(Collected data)
● ● ● ● ● ● ●
(* Let $\alpha\in(0,1)$, $\lambda>0$, and let $p\in L^\infty(0,T)$ satisfy $p_0\le p(t)\le p_1$ for $t\in(0,T)$ with constants $p_0,p_1>0$. If $z\in W^{1,\infty}(0,T)$ satisfies $z(t)\ge0$ and $$\partial_tz(t)+p(t)\partial_t^\alpha z(t)+\lambda z(t)\le0,\qquad 0<t<T,$$ then $\partial_t^\alpha z(t)\le0$ for $0<t<T$.
   Context: $\partial_t^\alpha\varphi(t)=\frac{1}{\Gamma(1-\alpha)}\int_0^t(t-\tau)^{-\alpha}\varphi'(\tau)d\tau$ is the Caputo derivative. *)

theory Defs
  imports "HOL-Analysis.Analysis"
begin

text \<open>z \<in> W^{1,\<infinity>}(0,T) with (weak) derivative dz: dz is measurable and essentially
  bounded on (0,T), and z is the (continuous representative) primitive of dz on [0,T].\<close>
definition W1inf :: "real \<Rightarrow> (real \<Rightarrow> real) \<Rightarrow> (real \<Rightarrow> real) \<Rightarrow> bool" where
  "W1inf T z dz \<longleftrightarrow>
     set_borel_measurable lborel {0<..<T} dz \<and>
     (\<exists>C. AE t in lborel. t \<in> {0<..<T} \<longrightarrow> \<bar>dz t\<bar> \<le> C) \<and>
     (\<forall>t\<in>{0..T}. z t = z 0 + (LBINT s:{0..t}. dz s))"

definition caputo :: "real \<Rightarrow> (real \<Rightarrow> real) \<Rightarrow> real \<Rightarrow> real" where
  "caputo \<alpha> dz t = (1 / Gamma (1 - \<alpha>)) * (LBINT \<tau>:{0<..<t}. (t - \<tau>) powr (-\<alpha>) * dz \<tau>)"

end

theory Submission
  imports Defs
begin

(* Write I(t) for the integral of (t - tau) powr (-alpha) * z'(tau) over (0, t), i.e. Gamma(1 - alpha)
   times the Caputo derivative. I is Hoelder continuous, so if it were positive somewhere it would
   attain a positive maximum M = I(m) on some [0, t] with m > 0 and stay positive on some [s, m].
   There the differential inequality forces z' <= 0, so the part of I(m) coming from (s, m) is
   nonpositive. For the part coming from (0, s), Fubini with a nonnegative weight phi satisfying
   int_tau^s phi(r) (r - tau)^(-alpha) dr = B(1 - alpha, alpha) (m - tau)^(-alpha) expresses it as
   an integral of I over (0, s) against phi, whose mass is at most B(1 - alpha, alpha) (s/m)^alpha.
   Hence M = I(m) <= (s/m)^alpha M < M. *)

lemma set_lebesgue_integral_of_has_integral_nonneg:
  fixes f :: "real \<Rightarrow> real"
  assumes I: "(f has_integral I) {c..t}" and nonneg: "\<And>x. x \<in> {c..t} \<Longrightarrow> 0 \<le> f x"
    and meas: "f \<in> borel_measurable borel"
  shows "set_integrable lborel {c..t} f" "(LBINT x:{c..t}. f x) = I"
proof -
  have "f absolutely_integrable_on {c..t}"
    using I nonneg by (intro nonnegative_absolutely_integrable_1) auto
  then show integrable: "set_integrable lborel {c..t} f"
    unfolding set_integrable_def
    by (subst integrable_completion[symmetric]) (use meas in auto)
  show "(LBINT x:{c..t}. f x) = I"
    using set_borel_integral_eq_integral[OF integrable] I by (simp add: integral_unique)
qed

lemma set_integrable_Icc_iff_Ioo:
  fixes f :: "real \<Rightarrow> real"
  shows "set_integrable lborel {c..t} f \<longleftrightarrow> set_integrable lborel {c<..<t} f"
  by (rule set_integrable_discrete_difference[where X="{c,t}"]) auto

lemma set_integral_Icc_eq_Ioo:
  fixes f :: "real \<Rightarrow> real"
  shows "(LBINT x:{c..t}. f x) = (LBINT x:{c<..<t}. f x)"
  by (rule set_integral_discrete_difference[where X="{c,t}"]) auto

lemma set_integral_Ioo_split:
  fixes f :: "real \<Rightarrow> real"
  assumes f: "set_integrable lborel {c<..<t} f" and m: "c \<le> m" "m \<le> t"
  shows "set_integrable lborel {c<..<m} f" "set_integrable lborel {m<..<t} f"
    "(LBINT x:{c<..<t}. f x) = (LBINT x:{c<..<m}. f x) + (LBINT x:{m<..<t}. f x)"
proof -
  show left: "set_integrable lborel {c<..<m} f" and right: "set_integrable lborel {m<..<t} f"
    by (rule set_integrable_subset[OF f]; use m in auto)+
  have "(LBINT x:{c<..<t}. f x) = (LBINT x:{c<..<m} \<union> {m<..<t}. f x)"
    by (rule set_integral_discrete_difference[where X="{m}"]) (use m in auto)
  also have "\<dots> = (LBINT x:{c<..<m}. f x) + (LBINT x:{m<..<t}. f x)"
    by (rule set_integral_Un[OF _ left right]) auto
  finally show "(LBINT x:{c<..<t}. f x) = (LBINT x:{c<..<m}. f x) + (LBINT x:{m<..<t}. f x)" .
qed

lemma set_integral_powr_kernel:
  fixes a c t :: real
  assumes a: "0 < a" "a < 1" and ct: "c \<le> t"
  shows "set_integrable lborel {c<..<t} (\<lambda>x. (t - x) powr (-a))"
    "(LBINT x:{c<..<t}. (t - x) powr (-a)) = (t - c) powr (1 - a) / (1 - a)"
proof -
  define F where "F x = - ((t - x) powr (1 - a) / (1 - a))" for x
  have "((\<lambda>x. (t - x) powr (-a)) has_integral (F t - F c)) {c..t}"
  proof (rule fundamental_theorem_of_calculus_interior[OF ct])
    show "continuous_on {c..t} F" unfolding F_def using a
      by (intro continuous_intros continuous_on_powr') auto
    show "(F has_vector_derivative (t - x) powr (-a)) (at x)" if "x \<in> {c<..<t}" for x
    proof -
      have "(F has_real_derivative (- ((-(1-a) * (t - x) powr (-a)) / (1-a)))) (at x)"
        unfolding F_def using that
        by (intro derivative_intros DERIV_cdivide)
           (auto intro!: derivative_eq_intros simp: algebra_simps)
      moreover have "- ((-(1-a) * (t - x) powr (-a)) / (1-a)) = (t - x) powr (-a)"
        using a by (simp add: field_simps)
      ultimately show ?thesis
        by (simp add: has_real_derivative_iff_has_vector_derivative)
    qed
  qed
  moreover have "F t - F c = (t - c) powr (1 - a) / (1 - a)" unfolding F_def by simp
  ultimately show "set_integrable lborel {c<..<t} (\<lambda>x. (t - x) powr (-a))"
    "(LBINT x:{c<..<t}. (t - x) powr (-a)) = (t - c) powr (1 - a) / (1 - a)"
    using set_lebesgue_integral_of_has_integral_nonneg[of "\<lambda>x. (t - x) powr (-a)"]
    by (auto simp: set_integrable_Icc_iff_Ioo set_integral_Icc_eq_Ioo)
qed

lemma set_integral_powr_kernel_diff:
  fixes a t t' :: real
  assumes a: "0 < a" "a < 1" and tt: "0 \<le> t'" "t' \<le> t"
  shows "set_integrable lborel {0<..<t'} (\<lambda>\<tau>. (t' - \<tau>) powr (-a) - (t - \<tau>) powr (-a))"
    "(LBINT \<tau>:{0<..<t'}. (t' - \<tau>) powr (-a) - (t - \<tau>) powr (-a)) \<le> (t - t') powr (1 - a) / (1 - a)"
proof -
  note whole = set_integral_powr_kernel[OF a, of 0 t] and short = set_integral_powr_kernel[OF a, of 0 t']
  note split = set_integral_Ioo_split[OF whole(1), of t']
  show integrable: "set_integrable lborel {0<..<t'} (\<lambda>\<tau>. (t' - \<tau>) powr (-a) - (t - \<tau>) powr (-a))"
    using short(1) split(1) tt by auto
  have "(LBINT \<tau>:{0<..<t'}. (t' - \<tau>) powr (-a) - (t - \<tau>) powr (-a))
      = (t' powr (1 - a) - t powr (1 - a) + (t - t') powr (1 - a)) / (1 - a)"
    using tt whole short split set_integral_powr_kernel(2)[OF a tt(2)]
    by (simp add: set_integral_diff(2) diff_divide_distrib add_divide_distrib)
  also have "\<dots> \<le> (t - t') powr (1 - a) / (1 - a)"
    using tt a powr_mono2[of "1 - a" t' t] by (intro divide_right_mono) auto
  finally show "(LBINT \<tau>:{0<..<t'}. (t' - \<tau>) powr (-a) - (t - \<tau>) powr (-a)) \<le> (t - t') powr (1 - a) / (1 - a)" .
qed

lemma set_integral_mult_bounded:
  fixes D g :: "real \<Rightarrow> real"
  assumes [measurable]: "D \<in> borel_measurable borel" "S \<in> sets borel" "g \<in> borel_measurable borel"
    and bounded: "AE x in lborel. \<bar>D x\<bar> \<le> B"
    and g: "set_integrable lborel S g" and nonneg: "\<And>x. x \<in> S \<Longrightarrow> 0 \<le> g x"
  shows "set_integrable lborel S (\<lambda>x. g x * D x)"
    "\<bar>LBINT x:S. g x * D x\<bar> \<le> B * (LBINT x:S. g x)"
proof -
  have Bg: "set_integrable lborel S (\<lambda>x. B * g x)"
    using g by (rule set_integrable_mult_right)
  have le: "AE x in lborel. x \<in> S \<longrightarrow> \<bar>g x * D x\<bar> \<le> B * g x"
    using bounded by eventually_elim
      (auto simp: abs_mult nonneg abs_of_nonneg mult.commute[of B] intro: mult_left_mono)
  show gD: "set_integrable lborel S (\<lambda>x. g x * D x)"
    using le by (intro set_integrable_bound[OF Bg]) (auto simp: set_borel_measurable_def elim!: eventually_mono)
  have "\<bar>LBINT x:S. g x * D x\<bar> \<le> (LBINT x:S. \<bar>g x * D x\<bar>)"
    using set_integral_norm_bound[OF gD] by simp
  also have "\<dots> \<le> (LBINT x:S. B * g x)"
    using le by (intro set_integral_mono_AE[OF set_integrable_abs[OF gD] Bg]) auto
  finally show "\<bar>LBINT x:S. g x * D x\<bar> \<le> B * (LBINT x:S. g x)"
    by simp
qed

definition abel_weight :: "real \<Rightarrow> real \<Rightarrow> real \<Rightarrow> real \<Rightarrow> real" where
  "abel_weight a s t r = (s - r) powr (a - 1) * (t - s) powr (1 - a) / (t - r)"

lemma abel_weight_nonneg: "r \<le> t \<Longrightarrow> 0 \<le> abel_weight a s t r"
  unfolding abel_weight_def by (auto intro!: divide_nonneg_nonneg mult_nonneg_nonneg)

lemma abel_weight_measurable [measurable]: "abel_weight a s t \<in> borel_measurable borel"
  unfolding abel_weight_def by measurable

text \<open>The substitution \<open>y = (t - s)(r - \<tau>) / ((s - \<tau>)(t - r))\<close> maps \<open>[\<tau>, s]\<close> onto \<open>[0, 1]\<close>
  and turns the weighted kernel into the integrand of \<open>Beta (1 - a) a\<close>.\<close>

lemma abel_weight_beta_substitution:
  fixes a \<tau> r s t :: real
  assumes "\<tau> < r" "r < s" "s < t"
  defines "y \<equiv> (t - s) * (r - \<tau>) / ((s - \<tau>) * (t - r))"
  shows "y powr (-a) * (1 - y) powr (a - 1) * ((t - s) * (t - \<tau>) / ((s - \<tau>) * (t - r)^2))
    = (t - \<tau>) powr a * (abel_weight a s t r * (r - \<tau>) powr (-a))"
proof -
  define A u v w W Q where "A = t - s" "u = r - \<tau>" "v = s - r" "w = t - r" "W = t - \<tau>" "Q = s - \<tau>"
  have pos: "0 < A" "0 < u" "0 < v" "0 < w" "0 < W" "0 < Q"
    unfolding A_u_v_w_W_Q_def using assms by auto
  have "1 - A * u / (Q * w) = (Q * w - A * u) / (Q * w)"
    using pos by (simp add: field_simps)
  also have "Q * w - A * u = v * W"
    unfolding A_u_v_w_W_Q_def by (simp add: algebra_simps)
  finally have e: "1 - A * u / (Q * w) = v * W / (Q * w)" .
  have "(A * u / (Q * w)) powr (-a) * (1 - A * u / (Q * w)) powr (a - 1) * (A * W / (Q * w^2))
      = W powr a * (v powr (a - 1) * A powr (1 - a) / w) * u powr (-a)"
    unfolding e using pos by (simp add: powr_divide powr_mult powr_minus powr_diff field_simps power2_eq_square)
  then show ?thesis
    unfolding y_def abel_weight_def A_u_v_w_W_Q_def by (simp add: mult_ac)
qed
(* Let $k$ be a field of characteristic zero, let $S=U(\mathfrak{sl}_2(k))$ be the enveloping algebra with standard basis $E,F,H$ of $\mathfrak{sl}_2(k)$ ($[H,E]=2E$, $[H,F]=-2F$, $[E,F]=H$), let $R=k[E]\subseteq S$ be the subalgebra generated by $E$, and let $f$ be the inclusion. Then the correspondence $\mathbf r\colon\operatorname{Spec} S\to\operatorname{Spec} R$ is not continuous; specifically, for $I=RE$, the set $\mathbf r^{[-1]}V_R(I)$ is not closed in $\operatorname{Spec} S$.
   Context: $\operatorname{Spec}$ carries the Zariski topology, closed sets $V_A(X)=\{P: P\supseteq X\}$. For $P\in\operatorname{Spec} S$, $\mathbf rP$ is the set of prime ideals of $R$ minimal over $P\cap R$; $\mathbf r^{[-1]}V=\{P\in\operatorname{Spec} S:\mathbf rP\subseteq V\}$; $\mathbf r$ is continuous if $\mathbf r^{[-1]}V$ is closed for all closed $V\subseteq\operatorname{Spec} R$. *)

theory Defs
  imports "HOL-Algebra.Algebra"
begin

datatype gen = gE | gF | gH

text \<open>Free associative unital k-algebra on the letters E, F, H: finitely supported
  functions on words, with concatenation convolution as product.\<close>
definition free_alg :: "(gen list \<Rightarrow> 'k::field) ring" where
  "free_alg = \<lparr> carrier = {p. finite {w. p w \<noteq> 0}},
                monoid.mult = (\<lambda>p q w. \<Sum>i\<le>length w. p (take i w) * q (drop i w)),
                monoid.one = (\<lambda>w. if w = [] then 1 else 0),
                ring.zero = (\<lambda>w. 0),
                ring.add = (\<lambda>p q w. p w + q w) \<rparr>"
(* Let $m\ge2$, $R$ a commutative integral domain, and $G=\mathrm{Sp}_{2m}$ realised as below. Let $0\neq r\in R$ and $v=1+r\alpha_{12}\in U_{12}(R)$. Let $\phi(s)=1+s(e_{1,-1}-e_{-2,2})$ for $s\in R$. Then: (1) $\mathrm{Z}(\mathrm{C}_{G(R)}(v))\le\pm U_{12}(R)\cdot\phi(R)$; (2) if $R^*\neq\{\pm1\}$ then $\mathrm{Z}(\mathrm{C}_{G(R)}(v))=\pm U_{12}(R)$; (3) if $R^*=\{\pm1\}$ and $\mathrm{char}(R)\neq2$ then $\mathrm{Z}(\mathrm{C}_{G(R)}(v))=\pm U_{12}(R)\cdot\phi(R)$.
   Context: $\mathrm{Sp}_{2m}$ is the group of $2m\times2m$ matrices preserving the standard alternating form with Gram matrix $\begin{pmatrix}0&I_m\\-I_m&0\end{pmatrix}$; rows and columns are indexed by $1,\ldots,m,-1,\ldots,-m$ (index $-i$ standing for $m+i$). $e_{ij}$ is the matrix unit with $1$ in position $(i,j)$. For $1\le|i|<|j|\le m$, $\alpha_{ij}=e_{ij}+\varepsilon e_{-j,-i}$ with $\varepsilon=-1$ if $ij>0$ and $\varepsilon=1$ if $ij<0$. The short root subgroup is $U_{12}=\{1+c\,\alpha_{12}\}$ and $U_{12}(R)=\{1+c\,\alpha_{12}:c\in R\}$; $\pm H$ denotes $\{\pm h:h\in H\}$; $\mathrm{Z}(\cdot)$ is the centre and $\mathrm{C}$ the centralizer. *)

theory Defs
  imports Main
begin

text \<open>Matrices of size 2m x 2m over a commutative ring, with rows and columns indexed by
  the integers 1,...,m,-1,...,-m (index -i standing for m+i).\<close>

definition idx :: "nat \<Rightarrow> int set" where
  "idx m = {i. i \<noteq> 0 \<and> \<bar>i\<bar> \<le> int m}"

definition is_mat :: "nat \<Rightarrow> (int \<Rightarrow> int \<Rightarrow> 'a::zero) \<Rightarrow> bool" where
  "is_mat m A \<longleftrightarrow> (\<forall>i j. i \<notin> idx m \<or> j \<notin> idx m \<longrightarrow> A i j = 0)"

definition mmul :: "nat \<Rightarrow> (int \<Rightarrow> int \<Rightarrow> 'a::comm_ring_1) \<Rightarrow> (int \<Rightarrow> int \<Rightarrow> 'a) \<Rightarrow> (int \<Rightarrow> int \<Rightarrow> 'a)" where
  "mmul m A B = (\<lambda>i j. if i \<in> idx m \<and> j \<in> idx m then (\<Sum>k\<in>idx m. A i k * B k j) else 0)"

definition mone :: "nat \<Rightarrow> (int \<Rightarrow> int \<Rightarrow> 'a::comm_ring_1)" where
  "mone m = (\<lambda>i j. if i \<in> idx m \<and> i = j then 1 else 0)"

definition mtrans :: "(int \<Rightarrow> int \<Rightarrow> 'a) \<Rightarrow> (int \<Rightarrow> int \<Rightarrow> 'a)" where
  "mtrans A = (\<lambda>i j. A j i)"

definition madd :: "(int \<Rightarrow> int \<Rightarrow> 'a::comm_ring_1) \<Rightarrow> (int \<Rightarrow> int \<Rightarrow> 'a) \<Rightarrow> (int \<Rightarrow> int \<Rightarrow> 'a)" where
  "madd A B = (\<lambda>i j. A i j + B i j)"

definition msmult :: "'a::comm_ring_1 \<Rightarrow> (int \<Rightarrow> int \<Rightarrow> 'a) \<Rightarrow> (int \<Rightarrow> int \<Rightarrow> 'a)" where
  "msmult c A = (\<lambda>i j. c * A i j)"

definition mneg :: "(int \<Rightarrow> int \<Rightarrow> 'a::comm_ring_1) \<Rightarrow> (int \<Rightarrow> int \<Rightarrow> 'a)" where
  "mneg A = (\<lambda>i j. - A i j)"

definition eunit :: "int \<Rightarrow> int \<Rightarrow> (int \<Rightarrow> int \<Rightarrow> 'a::comm_ring_1)" where
  "eunit i j = (\<lambda>a b. if a = i \<and> b = j then 1 else 0)"

text \<open>Gram matrix ((0, I_m), (-I_m, 0)).\<close>
definition gram :: "nat \<Rightarrow> (int \<Rightarrow> int \<Rightarrow> 'a::comm_ring_1)" where
  "gram m = (\<lambda>i j. if i \<in> idx m \<and> j = - i then (if i > 0 then 1 else -1) else 0)"

definition Sp :: "nat \<Rightarrow> (int \<Rightarrow> int \<Rightarrow> 'a::comm_ring_1) set" where
  "Sp m = {g. is_mat m g \<and> mmul m (mmul m (mtrans g) (gram m)) g = gram m}"

definition alpha :: "int \<Rightarrow> int \<Rightarrow> (int \<Rightarrow> int \<Rightarrow> 'a::comm_ring_1)" where
  "alpha i j = madd (eunit i j) (msmult (if i * j > 0 then -1 else 1) (eunit (-j) (-i)))"

definition U12 :: "nat \<Rightarrow> (int \<Rightarrow> int \<Rightarrow> 'a::comm_ring_1) set" where
  "U12 m = {madd (mone m) (msmult c (alpha 1 2)) | c. True}"

definition phi :: "nat \<Rightarrow> 'a::comm_ring_1 \<Rightarrow> (int \<Rightarrow> int \<Rightarrow> 'a)" where
  "phi m s = madd (mone m) (msmult s (madd (eunit 1 (-1)) (mneg (eunit (-2) 2))))"

definition pm :: "(int \<Rightarrow> int \<Rightarrow> 'a::comm_ring_1) set \<Rightarrow> (int \<Rightarrow> int \<Rightarrow> 'a) set" where
  "pm H = H \<union> mneg ` H"

definition setmul :: "nat \<Rightarrow> (int \<Rightarrow> int \<Rightarrow> 'a::comm_ring_1) set \<Rightarrow> (int \<Rightarrow> int \<Rightarrow> 'a) set \<Rightarrow> (int \<Rightarrow> int \<Rightarrow> 'a) set" where
  "setmul m A B = {mmul m x y | x y. x \<in> A \<and> y \<in> B}"

definition centralizer :: "nat \<Rightarrow> (int \<Rightarrow> int \<Rightarrow> 'a::comm_ring_1) set \<Rightarrow> (int \<Rightarrow> int \<Rightarrow> 'a) \<Rightarrow> (int \<Rightarrow> int \<Rightarrow> 'a) set" where
  "centralizer m G v = {g \<in> G. mmul m g v = mmul m v g}"

definition centre :: "nat \<Rightarrow> (int \<Rightarrow> int \<Rightarrow> 'a::comm_ring_1) set \<Rightarrow> (int \<Rightarrow> int \<Rightarrow> 'a) set" where
  "centre m H = {z \<in> H. \<forall>h \<in> H. mmul m z h = mmul m h z}"

end

theory Submission
  imports Defs
begin

text \<open>Write \<open>N = \<alpha>\<^sub>1\<^sub>2\<close> and \<open>M = e\<^sub>1\<^sub>,\<^sub>-\<^sub>1 - e\<^sub>-\<^sub>2\<^sub>,\<^sub>2\<close>, so that
  \<open>\<phi>(s) = 1 + s M\<close>. Since \<open>r \<noteq> 0\<close>, the centralizer of \<open>v = 1 + r N\<close> in \<open>Sp\<^sub>2\<^sub>m(R)\<close> is the
  centralizer \<open>C\<close> of \<open>N\<close>. A central element \<open>z\<close> of \<open>C\<close> commutes with the elements
  \<open>1 + e\<^sub>1\<^sub>,\<^sub>-\<^sub>1\<close>, \<open>1 + e\<^sub>-\<^sub>2\<^sub>,\<^sub>2\<close>, \<open>1 + \<alpha>\<^sub>1\<^sub>k\<close>, \<open>1 + \<alpha>\<^sub>k\<^sub>2\<close> (\<open>|k| \<ge> 3\<close>) and a Weyl element of
  \<open>C\<close>; comparing matrix entries gives \<open>z = a + p N + x M\<close>, and \<open>z\<close> being symplectic gives
  \<open>a\<^sup>2 = 1\<close>. Conversely \<open>a + p N + x M\<close> with \<open>a\<^sup>2 = 1\<close> is central in \<open>C\<close> when \<open>x = 0\<close>, or when
  all of \<open>C\<close> commutes with \<open>M\<close>. A unit \<open>u \<noteq> \<plusminus>1\<close> gives the torus element
  \<open>diag(u, u, u\<^sup>-\<^sup>1, u\<^sup>-\<^sup>1)\<close> of \<open>C\<close>, which only commutes with \<open>z\<close> if \<open>x = 0\<close>. If instead
  \<open>R\<^sup>* = {\<plusminus>1}\<close> and \<open>2 \<noteq> 0\<close>, the symplectic relations among the entries of \<open>h \<in> C\<close> in the
  rows and columns \<open>\<plusminus>1, \<plusminus>2\<close> force \<open>h M = M h\<close>.\<close>

section \<open>Matrix arithmetic\<close>

lemma finite_idx [simp]: "finite (idx m)"
  by (rule finite_subset[of _ "{- int m..int m}"]) (auto simp: idx_def)

lemma idx_uminus_iff [simp]: "- k \<in> idx m \<longleftrightarrow> k \<in> idx m"
  by (simp add: idx_def)

lemma small_idx: "2 \<le> m \<Longrightarrow> 1 \<in> idx m \<and> -1 \<in> idx m \<and> 2 \<in> idx m \<and> -2 \<in> idx m"
  by (auto simp: idx_def)

lemma is_mat_mmul [simp]: "is_mat m (mmul m A B)"
  by (simp add: is_mat_def mmul_def)

lemma is_mat_mone [simp]: "is_mat m (mone m)"
  by (simp add: is_mat_def mone_def)

lemma is_mat_gram [simp]: "is_mat m (gram m)"
  by (auto simp add: is_mat_def gram_def idx_def)

lemma is_mat_eunit: "a \<in> idx m \<Longrightarrow> b \<in> idx m \<Longrightarrow> is_mat m (eunit a b)"
  by (auto simp add: is_mat_def eunit_def)

lemma is_mat_madd: "is_mat m A \<Longrightarrow> is_mat m B \<Longrightarrow> is_mat m (madd A B)"
  by (simp add: is_mat_def madd_def)

lemma is_mat_msmult: "is_mat m A \<Longrightarrow> is_mat m (msmult c A)"
  by (simp add: is_mat_def msmult_def)

lemma mmul_madd_right: "mmul m A (madd B C) = madd (mmul m A B) (mmul m A C)"
  by (simp add: fun_eq_iff mmul_def madd_def distrib_left sum.distrib)

lemma mmul_madd_left: "mmul m (madd A B) C = madd (mmul m A C) (mmul m B C)"
  by (simp add: fun_eq_iff mmul_def madd_def distrib_right sum.distrib)

lemma mmul_msmult_right: "mmul m A (msmult c B) = msmult c (mmul m A B)"
  by (simp add: fun_eq_iff mmul_def msmult_def sum_distrib_left mult.left_commute)

lemma mmul_msmult_left: "mmul m (msmult c A) B = msmult c (mmul m A B)"
  by (simp add: fun_eq_iff mmul_def msmult_def sum_distrib_left mult.assoc)

lemma mmul_eunit_right:
  "a \<in> idx m \<Longrightarrow> mmul m A (eunit a b) = (\<lambda>i j. if i \<in> idx m \<and> j \<in> idx m \<and> j = b then A i a else 0)"
  by (simp add: fun_eq_iff mmul_def eunit_def if_distrib[of "\<lambda>x. _ * x"] sum.delta' cong: if_cong)

lemma mmul_eunit_left:
  "b \<in> idx m \<Longrightarrow> mmul m (eunit a b) A = (\<lambda>i j. if i \<in> idx m \<and> j \<in> idx m \<and> i = a then A b j else 0)"
  by (simp add: fun_eq_iff mmul_def eunit_def if_distrib[of "\<lambda>x. x * _"] sum.delta cong: if_cong)

lemma mmul_mone_right: "is_mat m A \<Longrightarrow> mmul m A (mone m) = A"
  by (rule ext, rule ext)
    (auto simp: mmul_def mone_def is_mat_def if_distrib[of "\<lambda>x. _ * x"] sum.delta' cong: if_cong)

lemma mmul_mone_left: "is_mat m A \<Longrightarrow> mmul m (mone m) A = A"
  by (rule ext, rule ext)
    (auto simp: mmul_def mone_def is_mat_def if_distrib[of "\<lambda>x. x * _"] sum.delta cong: if_cong)

lemma eunit_mmul_eunit:
  "a \<in> idx m \<Longrightarrow> b \<in> idx m \<Longrightarrow> c \<in> idx m \<Longrightarrow> d \<in> idx m \<Longrightarrow>
   mmul m (eunit a b) (eunit c d) = msmult (if b = c then 1 else 0) (eunit a d)"
  by (subst mmul_eunit_right) (auto simp: fun_eq_iff msmult_def eunit_def)

lemma gram_mmul_eunit:
  "a \<in> idx m \<Longrightarrow> b \<in> idx m \<Longrightarrow>
   mmul m (gram m) (eunit a b) = msmult (if a < 0 then 1 else -1) (eunit (-a) b)"
  by (subst mmul_eunit_right) (auto simp: fun_eq_iff msmult_def eunit_def gram_def idx_def)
● ● ● ● ● ● ●
How to complete this task = When a line of the records includes "Write", that line belongs in the answer.

Exercise response =
(* Write I(t) for the integral of (t - tau) powr (-alpha) * z'(tau) over (0, t), i.e. Gamma(1 - alpha)
text \<open>Write \<open>N = \<alpha>\<^sub>1\<^sub>2\<close> and \<open>M = e\<^sub>1\<^sub>,\<^sub>-\<^sub>1 - e\<^sub>-\<^sub>2\<^sub>,\<^sub>2\<close>, so that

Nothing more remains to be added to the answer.